* What is required
Look below for the line holding "using assms(1) unfolding" and the line holding "(\<Union>P\<in>F. P) p". Repeat those two and everything between, exactly.

* Data in this exercise
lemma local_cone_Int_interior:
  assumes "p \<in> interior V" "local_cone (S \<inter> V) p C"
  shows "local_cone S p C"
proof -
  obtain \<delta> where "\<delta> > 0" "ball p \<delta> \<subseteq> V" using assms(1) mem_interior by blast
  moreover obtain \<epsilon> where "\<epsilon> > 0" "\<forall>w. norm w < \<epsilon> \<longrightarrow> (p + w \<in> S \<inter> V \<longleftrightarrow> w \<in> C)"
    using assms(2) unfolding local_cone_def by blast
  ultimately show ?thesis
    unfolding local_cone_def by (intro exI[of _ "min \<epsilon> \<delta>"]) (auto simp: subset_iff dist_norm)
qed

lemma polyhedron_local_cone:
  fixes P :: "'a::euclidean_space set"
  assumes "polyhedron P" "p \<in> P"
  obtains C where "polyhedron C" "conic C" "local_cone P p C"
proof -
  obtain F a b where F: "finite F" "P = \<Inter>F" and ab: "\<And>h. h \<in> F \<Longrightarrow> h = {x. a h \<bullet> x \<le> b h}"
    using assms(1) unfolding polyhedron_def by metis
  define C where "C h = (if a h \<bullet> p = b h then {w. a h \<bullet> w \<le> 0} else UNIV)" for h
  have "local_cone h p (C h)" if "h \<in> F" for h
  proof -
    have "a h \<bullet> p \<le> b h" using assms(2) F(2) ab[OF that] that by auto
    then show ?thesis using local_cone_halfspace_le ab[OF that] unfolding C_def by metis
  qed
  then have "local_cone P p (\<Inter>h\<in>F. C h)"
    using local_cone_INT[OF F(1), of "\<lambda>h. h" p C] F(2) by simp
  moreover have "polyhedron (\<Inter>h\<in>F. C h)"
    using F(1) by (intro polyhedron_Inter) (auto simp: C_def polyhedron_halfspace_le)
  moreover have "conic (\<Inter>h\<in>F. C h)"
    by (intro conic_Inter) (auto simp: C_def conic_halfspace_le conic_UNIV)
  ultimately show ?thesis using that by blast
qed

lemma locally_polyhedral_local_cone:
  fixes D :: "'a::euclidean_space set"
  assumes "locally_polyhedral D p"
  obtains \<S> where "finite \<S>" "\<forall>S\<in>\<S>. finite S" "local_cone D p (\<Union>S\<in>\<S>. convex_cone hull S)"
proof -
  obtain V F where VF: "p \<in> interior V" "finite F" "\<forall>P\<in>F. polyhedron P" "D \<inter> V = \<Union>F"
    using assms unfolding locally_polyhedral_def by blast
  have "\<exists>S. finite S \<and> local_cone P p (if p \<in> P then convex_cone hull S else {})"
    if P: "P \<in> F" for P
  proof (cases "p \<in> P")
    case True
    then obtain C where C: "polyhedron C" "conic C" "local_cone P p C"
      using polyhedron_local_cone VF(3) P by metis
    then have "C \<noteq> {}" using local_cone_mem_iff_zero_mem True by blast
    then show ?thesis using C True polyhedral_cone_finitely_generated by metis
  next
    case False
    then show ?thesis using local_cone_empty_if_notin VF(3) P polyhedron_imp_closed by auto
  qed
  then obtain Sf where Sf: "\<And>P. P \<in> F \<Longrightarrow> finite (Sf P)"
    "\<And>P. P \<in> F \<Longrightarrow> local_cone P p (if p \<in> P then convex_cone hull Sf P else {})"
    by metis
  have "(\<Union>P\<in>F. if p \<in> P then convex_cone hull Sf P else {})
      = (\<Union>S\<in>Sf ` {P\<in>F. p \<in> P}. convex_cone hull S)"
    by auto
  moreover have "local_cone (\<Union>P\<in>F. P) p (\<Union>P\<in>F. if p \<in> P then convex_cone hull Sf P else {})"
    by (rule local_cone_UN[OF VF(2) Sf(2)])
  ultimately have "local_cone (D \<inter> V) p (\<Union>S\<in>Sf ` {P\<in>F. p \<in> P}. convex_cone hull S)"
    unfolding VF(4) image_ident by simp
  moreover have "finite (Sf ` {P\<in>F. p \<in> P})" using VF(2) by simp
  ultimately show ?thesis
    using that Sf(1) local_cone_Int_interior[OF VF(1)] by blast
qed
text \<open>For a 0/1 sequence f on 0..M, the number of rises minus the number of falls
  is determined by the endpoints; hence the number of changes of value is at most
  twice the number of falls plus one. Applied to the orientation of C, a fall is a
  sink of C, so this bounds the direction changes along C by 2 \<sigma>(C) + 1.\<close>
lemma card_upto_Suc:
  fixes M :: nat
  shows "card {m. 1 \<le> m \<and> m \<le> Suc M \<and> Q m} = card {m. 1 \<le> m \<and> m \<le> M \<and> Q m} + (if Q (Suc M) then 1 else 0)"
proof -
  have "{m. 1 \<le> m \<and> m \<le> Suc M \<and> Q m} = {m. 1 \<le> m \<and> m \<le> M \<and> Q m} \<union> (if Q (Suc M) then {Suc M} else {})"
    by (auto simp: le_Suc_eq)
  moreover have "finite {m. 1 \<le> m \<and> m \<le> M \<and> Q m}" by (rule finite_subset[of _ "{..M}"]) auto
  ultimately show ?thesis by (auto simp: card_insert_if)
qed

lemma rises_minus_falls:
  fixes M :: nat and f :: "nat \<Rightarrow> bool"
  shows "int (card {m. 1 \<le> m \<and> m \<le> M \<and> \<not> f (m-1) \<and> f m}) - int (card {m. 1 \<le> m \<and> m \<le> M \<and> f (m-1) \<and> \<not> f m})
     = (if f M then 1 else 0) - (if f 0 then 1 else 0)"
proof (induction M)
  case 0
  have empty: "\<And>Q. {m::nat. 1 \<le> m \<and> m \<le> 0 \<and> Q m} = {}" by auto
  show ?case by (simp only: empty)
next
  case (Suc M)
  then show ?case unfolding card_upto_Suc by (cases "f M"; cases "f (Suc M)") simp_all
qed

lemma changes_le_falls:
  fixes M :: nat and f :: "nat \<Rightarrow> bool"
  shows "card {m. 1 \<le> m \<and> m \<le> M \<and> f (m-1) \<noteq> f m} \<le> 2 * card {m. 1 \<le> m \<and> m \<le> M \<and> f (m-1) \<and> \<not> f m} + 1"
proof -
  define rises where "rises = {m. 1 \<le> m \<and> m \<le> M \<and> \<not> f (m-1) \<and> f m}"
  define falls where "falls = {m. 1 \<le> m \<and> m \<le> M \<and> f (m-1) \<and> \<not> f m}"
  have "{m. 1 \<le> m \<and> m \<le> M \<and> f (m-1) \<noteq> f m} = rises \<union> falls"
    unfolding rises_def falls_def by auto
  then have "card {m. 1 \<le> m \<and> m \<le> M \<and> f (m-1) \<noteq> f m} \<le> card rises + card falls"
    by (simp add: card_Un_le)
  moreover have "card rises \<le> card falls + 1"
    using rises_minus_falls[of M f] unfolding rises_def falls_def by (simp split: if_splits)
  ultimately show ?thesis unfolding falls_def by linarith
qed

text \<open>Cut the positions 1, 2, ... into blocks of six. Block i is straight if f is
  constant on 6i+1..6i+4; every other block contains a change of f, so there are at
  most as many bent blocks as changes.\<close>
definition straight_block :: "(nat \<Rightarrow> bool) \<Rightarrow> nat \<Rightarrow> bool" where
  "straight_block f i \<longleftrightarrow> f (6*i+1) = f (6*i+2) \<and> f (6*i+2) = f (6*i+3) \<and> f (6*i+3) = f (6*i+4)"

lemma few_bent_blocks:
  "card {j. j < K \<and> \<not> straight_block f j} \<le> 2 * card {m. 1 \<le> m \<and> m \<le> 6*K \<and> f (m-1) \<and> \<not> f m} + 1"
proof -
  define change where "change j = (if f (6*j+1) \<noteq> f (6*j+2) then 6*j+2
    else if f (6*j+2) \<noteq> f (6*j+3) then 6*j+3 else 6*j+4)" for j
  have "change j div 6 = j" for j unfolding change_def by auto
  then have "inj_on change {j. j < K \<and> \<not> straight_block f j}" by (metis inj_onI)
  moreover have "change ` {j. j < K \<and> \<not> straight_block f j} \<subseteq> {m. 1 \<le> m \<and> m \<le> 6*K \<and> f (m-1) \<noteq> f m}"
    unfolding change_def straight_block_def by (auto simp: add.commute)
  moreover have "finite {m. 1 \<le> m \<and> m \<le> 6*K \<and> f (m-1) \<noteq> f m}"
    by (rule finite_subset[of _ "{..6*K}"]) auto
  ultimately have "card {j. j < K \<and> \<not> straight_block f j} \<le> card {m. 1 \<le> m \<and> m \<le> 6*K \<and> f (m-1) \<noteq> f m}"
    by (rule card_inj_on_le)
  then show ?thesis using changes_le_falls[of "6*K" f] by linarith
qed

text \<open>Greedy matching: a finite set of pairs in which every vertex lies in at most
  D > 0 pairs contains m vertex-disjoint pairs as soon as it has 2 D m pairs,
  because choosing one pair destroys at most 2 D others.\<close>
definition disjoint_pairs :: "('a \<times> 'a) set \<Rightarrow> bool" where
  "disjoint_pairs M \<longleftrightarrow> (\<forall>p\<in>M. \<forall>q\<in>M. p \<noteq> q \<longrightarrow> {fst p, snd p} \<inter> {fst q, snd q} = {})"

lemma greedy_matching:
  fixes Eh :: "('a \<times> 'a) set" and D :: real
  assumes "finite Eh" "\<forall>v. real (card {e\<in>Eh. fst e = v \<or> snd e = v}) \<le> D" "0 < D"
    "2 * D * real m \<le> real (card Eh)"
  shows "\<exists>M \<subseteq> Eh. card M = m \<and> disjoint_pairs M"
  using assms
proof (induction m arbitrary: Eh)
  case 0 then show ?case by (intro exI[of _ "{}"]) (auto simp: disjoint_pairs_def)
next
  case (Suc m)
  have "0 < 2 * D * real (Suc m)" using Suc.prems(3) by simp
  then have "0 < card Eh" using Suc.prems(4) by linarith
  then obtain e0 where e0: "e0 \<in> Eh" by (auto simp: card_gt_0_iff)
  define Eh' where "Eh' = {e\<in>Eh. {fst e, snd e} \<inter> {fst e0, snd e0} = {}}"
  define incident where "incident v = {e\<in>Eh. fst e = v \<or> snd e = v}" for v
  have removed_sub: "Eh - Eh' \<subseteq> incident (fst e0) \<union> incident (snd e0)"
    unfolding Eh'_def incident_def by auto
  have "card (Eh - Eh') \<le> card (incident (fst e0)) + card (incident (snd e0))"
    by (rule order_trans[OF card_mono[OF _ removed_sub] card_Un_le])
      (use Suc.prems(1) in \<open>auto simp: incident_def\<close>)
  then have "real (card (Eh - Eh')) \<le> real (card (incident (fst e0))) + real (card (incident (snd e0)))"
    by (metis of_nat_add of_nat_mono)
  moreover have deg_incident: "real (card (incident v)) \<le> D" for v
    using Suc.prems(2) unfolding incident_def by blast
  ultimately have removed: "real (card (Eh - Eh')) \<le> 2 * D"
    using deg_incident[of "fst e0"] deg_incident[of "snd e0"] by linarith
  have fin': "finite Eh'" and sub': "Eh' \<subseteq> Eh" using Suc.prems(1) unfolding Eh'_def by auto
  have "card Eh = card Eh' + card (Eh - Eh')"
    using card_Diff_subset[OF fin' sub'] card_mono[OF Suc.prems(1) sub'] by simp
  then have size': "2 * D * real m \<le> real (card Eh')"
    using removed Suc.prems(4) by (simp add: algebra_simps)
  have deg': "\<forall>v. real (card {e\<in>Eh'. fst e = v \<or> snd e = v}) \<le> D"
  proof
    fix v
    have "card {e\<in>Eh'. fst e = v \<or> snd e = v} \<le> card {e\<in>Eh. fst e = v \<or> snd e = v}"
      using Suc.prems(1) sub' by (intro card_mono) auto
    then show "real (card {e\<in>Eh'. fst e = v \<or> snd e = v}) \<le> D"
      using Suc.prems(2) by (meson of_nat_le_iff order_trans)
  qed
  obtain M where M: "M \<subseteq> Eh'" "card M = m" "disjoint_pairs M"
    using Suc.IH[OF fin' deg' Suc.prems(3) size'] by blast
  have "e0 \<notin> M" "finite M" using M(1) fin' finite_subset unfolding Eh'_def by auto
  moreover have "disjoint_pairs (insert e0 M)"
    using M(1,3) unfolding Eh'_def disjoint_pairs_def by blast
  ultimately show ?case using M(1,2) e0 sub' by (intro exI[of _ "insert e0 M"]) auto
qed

* Solution to this exercise
    using assms(1) unfolding polyhedron_def by metis
  define C where "C h = (if a h \<bullet> p = b h then {w. a h \<bullet> w \<le> 0} else UNIV)" for h
  have "local_cone h p (C h)" if "h \<in> F" for h
  proof -
    have "a h \<bullet> p \<le> b h" using assms(2) F(2) ab[OF that] that by auto
    then show ?thesis using local_cone_halfspace_le ab[OF that] unfolding C_def by metis
  qed
  then have "local_cone P p (\<Inter>h\<in>F. C h)"
    using local_cone_INT[OF F(1), of "\<lambda>h. h" p C] F(2) by simp
  moreover have "polyhedron (\<Inter>h\<in>F. C h)"
    using F(1) by (intro polyhedron_Inter) (auto simp: C_def polyhedron_halfspace_le)
  moreover have "conic (\<Inter>h\<in>F. C h)"
    by (intro conic_Inter) (auto simp: C_def conic_halfspace_le conic_UNIV)
  ultimately show ?thesis using that by blast
qed

lemma locally_polyhedral_local_cone:
  fixes D :: "'a::euclidean_space set"
  assumes "locally_polyhedral D p"
  obtains \<S> where "finite \<S>" "\<forall>S\<in>\<S>. finite S" "local_cone D p (\<Union>S\<in>\<S>. convex_cone hull S)"
proof -
  obtain V F where VF: "p \<in> interior V" "finite F" "\<forall>P\<in>F. polyhedron P" "D \<inter> V = \<Union>F"
    using assms unfolding locally_polyhedral_def by blast
  have "\<exists>S. finite S \<and> local_cone P p (if p \<in> P then convex_cone hull S else {})"
    if P: "P \<in> F" for P
  proof (cases "p \<in> P")
    case True
    then obtain C where C: "polyhedron C" "conic C" "local_cone P p C"
      using polyhedron_local_cone VF(3) P by metis
    then have "C \<noteq> {}" using local_cone_mem_iff_zero_mem True by blast
    then show ?thesis using C True polyhedral_cone_finitely_generated by metis
  next
    case False
    then show ?thesis using local_cone_empty_if_notin VF(3) P polyhedron_imp_closed by auto
  qed
  then obtain Sf where Sf: "\<And>P. P \<in> F \<Longrightarrow> finite (Sf P)"
    "\<And>P. P \<in> F \<Longrightarrow> local_cone P p (if p \<in> P then convex_cone hull Sf P else {})"
    by metis
  have "(\<Union>P\<in>F. if p \<in> P then convex_cone hull Sf P else {})
      = (\<Union>S\<in>Sf ` {P\<in>F. p \<in> P}. convex_cone hull S)"
    by auto
  moreover have "local_cone (\<Union>P\<in>F. P) p (\<Union>P\<in>F. if p \<in> P then convex_cone hull Sf P else {})"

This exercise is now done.